Innovative education refers to renewing ideas, combining the cultivation of innovative quality with students' daily study and life, adopting different means and methods from different levels, different directions and different contents, and cultivating students' innovative consciousness and innovative ability throughout the whole process of quality education implementation and individual growth of each student. It can be seen that innovative education is the key to implementing quality education.
In the specific process of mathematics teaching, I pay attention to the cultivation of students' innovative ability. The following is my experience in implementing innovative education in teaching:
First of all, the innovative consciousness of mathematics teachers is the first condition to cultivate students' innovative ability.
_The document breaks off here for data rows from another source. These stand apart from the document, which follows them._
(* Let $k$ be a field of characteristic zero, let $S$ be the first Weyl algebra over $k$, generated by $x,y$ subject to $yx-xy=1$, let $R=k[x]\subseteq S$, and let $f$ be the inclusion. Then the correspondence $\mathbf r\colon\operatorname{Spec} S\to\operatorname{Spec} R$ is a single-valued continuous function, but $\lambda$ is not a left adjoint to $\rho$.
   Context: $\operatorname{Spec}$ carries the Zariski topology, closed sets $V_A(X)=\{P\in\operatorname{Spec} A:P\supseteq X\}$; for $U\subseteq\operatorname{Spec} A$, $I(U)$ is the intersection of the primes in $U$. For $P\in\operatorname{Spec} S$, $\mathbf rP$ is the set of primes of $R$ minimal over $P\cap R$; $\mathbf r$ is continuous if $\{P:\mathbf rP\subseteq V\}$ is closed for every closed $V\subseteq\operatorname{Spec} R$. For an ideal $I$ of $R$, $I^S=\operatorname{ann}_S(S/SI)$. The functor $\lambda$ sends a closed $V\subseteq\operatorname{Spec} S$ to $V_R(I(V)\cap R)$; the functor $\rho$ sends a closed $V\subseteq\operatorname{Spec} R$ to $V_S(I(V)^S)$. "$\lambda$ is a left adjoint to $\rho$" means $\lambda U\subseteq V\iff U\subseteq\rho V$ for all closed $U\subseteq\operatorname{Spec} S$, $V\subseteq\operatorname{Spec} R$. *)

theory Defs
  imports "HOL-Algebra.Ideal" "HOL-Computational_Algebra.Polynomial"
begin

text \<open>Since P is closed under addition, IJ \<subseteq> P iff all products i*j lie in P.\<close>

definition prime_ideal_nc :: "('a, 'b) ring_scheme \<Rightarrow> 'a set \<Rightarrow> bool" where
  "prime_ideal_nc A P \<longleftrightarrow> ideal P A \<and> P \<noteq> carrier A \<and>
     (\<forall>I J. ideal I A \<longrightarrow> ideal J A \<longrightarrow> (\<forall>i\<in>I. \<forall>j\<in>J. i \<otimes>\<^bsub>A\<^esub> j \<in> P)
        \<longrightarrow> I \<subseteq> P \<or> J \<subseteq> P)"

definition Spec :: "('a, 'b) ring_scheme \<Rightarrow> 'a set set" where
  "Spec A = {P. prime_ideal_nc A P}"

definition Vz :: "('a, 'b) ring_scheme \<Rightarrow> 'a set \<Rightarrow> 'a set set" where
  "Vz A X = {P \<in> Spec A. X \<subseteq> P}"

definition zariski_closed :: "('a, 'b) ring_scheme \<Rightarrow> 'a set set \<Rightarrow> bool" where
  "zariski_closed A V \<longleftrightarrow> (\<exists>X \<subseteq> carrier A. V = Vz A X)"

text \<open>I(U): intersection of the primes in U (the whole ring if U is empty).\<close>
definition Iz :: "('a, 'b) ring_scheme \<Rightarrow> 'a set set \<Rightarrow> 'a set" where
  "Iz A U = carrier A \<inter> \<Inter> U"

text \<open>R is given by its carrier Rc \<subseteq> carrier S; as a ring it is S restricted to Rc,
  and f is the inclusion.\<close>

definition subring_ring :: "('a, 'b) ring_scheme \<Rightarrow> 'a set \<Rightarrow> ('a, 'b) ring_scheme" where
  "subring_ring S Rc = S\<lparr>carrier := Rc\<rparr>"

definition rcorr :: "('a, 'b) ring_scheme \<Rightarrow> 'a set \<Rightarrow> 'a set \<Rightarrow> 'a set set" where
  "rcorr S Rc P = {Q \<in> Spec (subring_ring S Rc). P \<inter> Rc \<subseteq> Q \<and>
      (\<forall>Q' \<in> Spec (subring_ring S Rc). P \<inter> Rc \<subseteq> Q' \<and> Q' \<subseteq> Q \<longrightarrow> Q' = Q)}"

definition rcorr_single_valued :: "('a, 'b) ring_scheme \<Rightarrow> 'a set \<Rightarrow> bool" where
  "rcorr_single_valued S Rc \<longleftrightarrow> (\<forall>P \<in> Spec S. \<exists>Q. rcorr S Rc P = {Q})"

definition rcorr_continuous :: "('a, 'b) ring_scheme \<Rightarrow> 'a set \<Rightarrow> bool" where
  "rcorr_continuous S Rc \<longleftrightarrow>
     (\<forall>V. zariski_closed (subring_ring S Rc) V \<longrightarrow>
          zariski_closed S {P \<in> Spec S. rcorr S Rc P \<subseteq> V})"

definition left_ext :: "('a, 'b) ring_scheme \<Rightarrow> 'a set \<Rightarrow> 'a set" where
  "left_ext S I = {finsum S (\<lambda>i::nat. s i \<otimes>\<^bsub>S\<^esub> a i) {..<n} | (n::nat) (s::nat \<Rightarrow> 'a) (a::nat \<Rightarrow> 'a).
       (\<forall>i<n. s i \<in> carrier S) \<and> (\<forall>i<n. a i \<in> I)}"

text \<open>I^S = ann_S(S/SI) = {s \<in> S. s t \<in> SI for all t \<in> S}.\<close>
definition ext_ann :: "('a, 'b) ring_scheme \<Rightarrow> 'a set \<Rightarrow> 'a set" where
  "ext_ann S I = {s \<in> carrier S. \<forall>t \<in> carrier S. s \<otimes>\<^bsub>S\<^esub> t \<in> left_ext S I}"

definition lambda_fun :: "('a, 'b) ring_scheme \<Rightarrow> 'a set \<Rightarrow> 'a set set \<Rightarrow> 'a set set" where
  "lambda_fun S Rc U = Vz (subring_ring S Rc) (Iz S U \<inter> Rc)"

definition rho_fun :: "('a, 'b) ring_scheme \<Rightarrow> 'a set \<Rightarrow> 'a set set \<Rightarrow> 'a set set" where
  "rho_fun S Rc V = Vz S (ext_ann S (Iz (subring_ring S Rc) V))"

definition lambda_left_adjoint_rho :: "('a, 'b) ring_scheme \<Rightarrow> 'a set \<Rightarrow> bool" where
  "lambda_left_adjoint_rho S Rc \<longleftrightarrow>
     (\<forall>U V. zariski_closed S U \<longrightarrow> zariski_closed (subring_ring S Rc) V \<longrightarrow>
        (lambda_fun S Rc U \<subseteq> V \<longleftrightarrow> U \<subseteq> rho_fun S Rc V))"

text \<open>Realised (faithfully, since char k = 0) as the ring of differential operators on k[x]:
  operators p \<mapsto> \<Sum>_{j<n} c_j(x) * (d/dx)^j p, with composition as multiplication.
  Here x acts by multiplication by x and y = d/dx, so that yx - xy = 1.\<close>

definition weyl_carrier :: "('a::field_char_0 poly \<Rightarrow> 'a poly) set" where
  "weyl_carrier = {D. \<exists>n (c :: nat \<Rightarrow> 'a poly). D = (\<lambda>p. \<Sum>j<n. c j * (pderiv ^^ j) p)}"

definition weyl_algebra :: "('a::field_char_0 poly \<Rightarrow> 'a poly) ring" where
  "weyl_algebra = \<lparr>carrier = weyl_carrier, monoid.mult = (\<circ>), one = id,
     zero = (\<lambda>p. 0), add = (\<lambda>D E p. D p + E p)\<rparr>"

definition weyl_kx :: "('a::field_char_0 poly \<Rightarrow> 'a poly) set" where
  "weyl_kx = {D. \<exists>c :: 'a poly. D = (\<lambda>p. c * p)}"

end

theory Submission
  imports Defs "HOL-Algebra.Subrings"
begin

text \<open>
  Realised as differential operators on \<open>k[x]\<close>, the Weyl algebra \<open>S\<close> is simple: \<open>ad_x\<close>
  lowers the order of an operator, so a nonzero ideal contains a nonzero operator commuting
  with \<open>x\<close>, i.e. multiplication by some \<open>c \<noteq> 0\<close>; commutators with \<open>d/dx\<close> differentiate \<open>c\<close>
  down to a nonzero constant. Hence \<open>Spec S = {0}\<close>, and \<open>0 \<inter> R = 0\<close> is prime in the domain
  \<open>R = k[x]\<close>, so \<open>r\<close> is single-valued, and continuous because \<open>Spec S\<close> is a point.
  For \<open>U = Spec S\<close> and \<open>V = V(xR)\<close> the set \<open>\<lambda>U = Spec R\<close> is not contained in \<open>V\<close>.
  But \<open>I(V) \<subseteq> xR \<subseteq> Sx\<close>, a proper left ideal since \<open>x\<close> has no left inverse, and \<open>I(V)\<^sup>S\<close>
  is a two-sided ideal inside it, hence \<open>0\<close>; so \<open>\<rho>V = Spec S \<supseteq> U\<close>.
\<close>

section \<open>Left ideals and simple rings\<close>

definition left_ideal :: "'a set \<Rightarrow> ('a, 'b) ring_scheme \<Rightarrow> bool" where
  "left_ideal L A \<longleftrightarrow> additive_subgroup L A \<and> (\<forall>a\<in>carrier A. \<forall>l\<in>L. a \<otimes>\<^bsub>A\<^esub> l \<in> L)"

lemma (in ring) left_ideal_cgenideal:
  assumes a: "a \<in> carrier R"
  shows "left_ideal (PIdl a) R"
  unfolding left_ideal_def cgenideal_def
proof (intro conjI ballI additive_subgroupI add.subgroupI)
  show "{x \<otimes> a |x. x \<in> carrier R} \<subseteq> carrier R" "{x \<otimes> a |x. x \<in> carrier R} \<noteq> {}"
    using a by blast+
next
  fix u v assume "u \<in> {x \<otimes> a |x. x \<in> carrier R}" "v \<in> {x \<otimes> a |x. x \<in> carrier R}"
  then obtain x y where xy: "x \<in> carrier R" "y \<in> carrier R" "u = x \<otimes> a" "v = y \<otimes> a" by blast
  show "\<ominus> u \<in> {x \<otimes> a |x. x \<in> carrier R}"
    using xy a by (metis (mono_tags, lifting) add.inv_closed l_minus mem_Collect_eq)
  show "u \<oplus> v \<in> {x \<otimes> a |x. x \<in> carrier R}"
    using xy a by (metis (mono_tags, lifting) add.m_closed l_distr mem_Collect_eq)
next
  fix b u assume "b \<in> carrier R" "u \<in> {x \<otimes> a |x. x \<in> carrier R}"
  then obtain x where x: "x \<in> carrier R" "u = x \<otimes> a" by blast
  then have "b \<otimes> u = (b \<otimes> x) \<otimes> a" using a \<open>b \<in> carrier R\<close> by (simp add: m_assoc)
  then show "b \<otimes> u \<in> {x \<otimes> a |x. x \<in> carrier R}" using x \<open>b \<in> carrier R\<close> by blast
qed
Education itself is a process of innovation. Teachers must have a sense of innovation, change the teaching thinking centered on knowledge transmission, aim at cultivating students' innovative consciousness and practical ability, make bold breakthroughs in teaching concepts and teaching methods, and establish innovative teaching principles. The research of modern psychology shows that cognition and emotion are inseparable, and teachers' own emotional state plays a subtle role in students, which makes a certain psychological atmosphere appear in the classroom. When a prestigious teacher who is respected and loved by students walks into the classroom, students will be full of interest and full of energy. On the contrary, students' psychology will be overshadowed and their mood will be quite low. In the process of education and teaching in recent years, it is found that the regular teaching mode has curbed the development of students' innovative consciousness and ability, made students' learning a mechanized learning, and lost interest and confidence in mathematics over time.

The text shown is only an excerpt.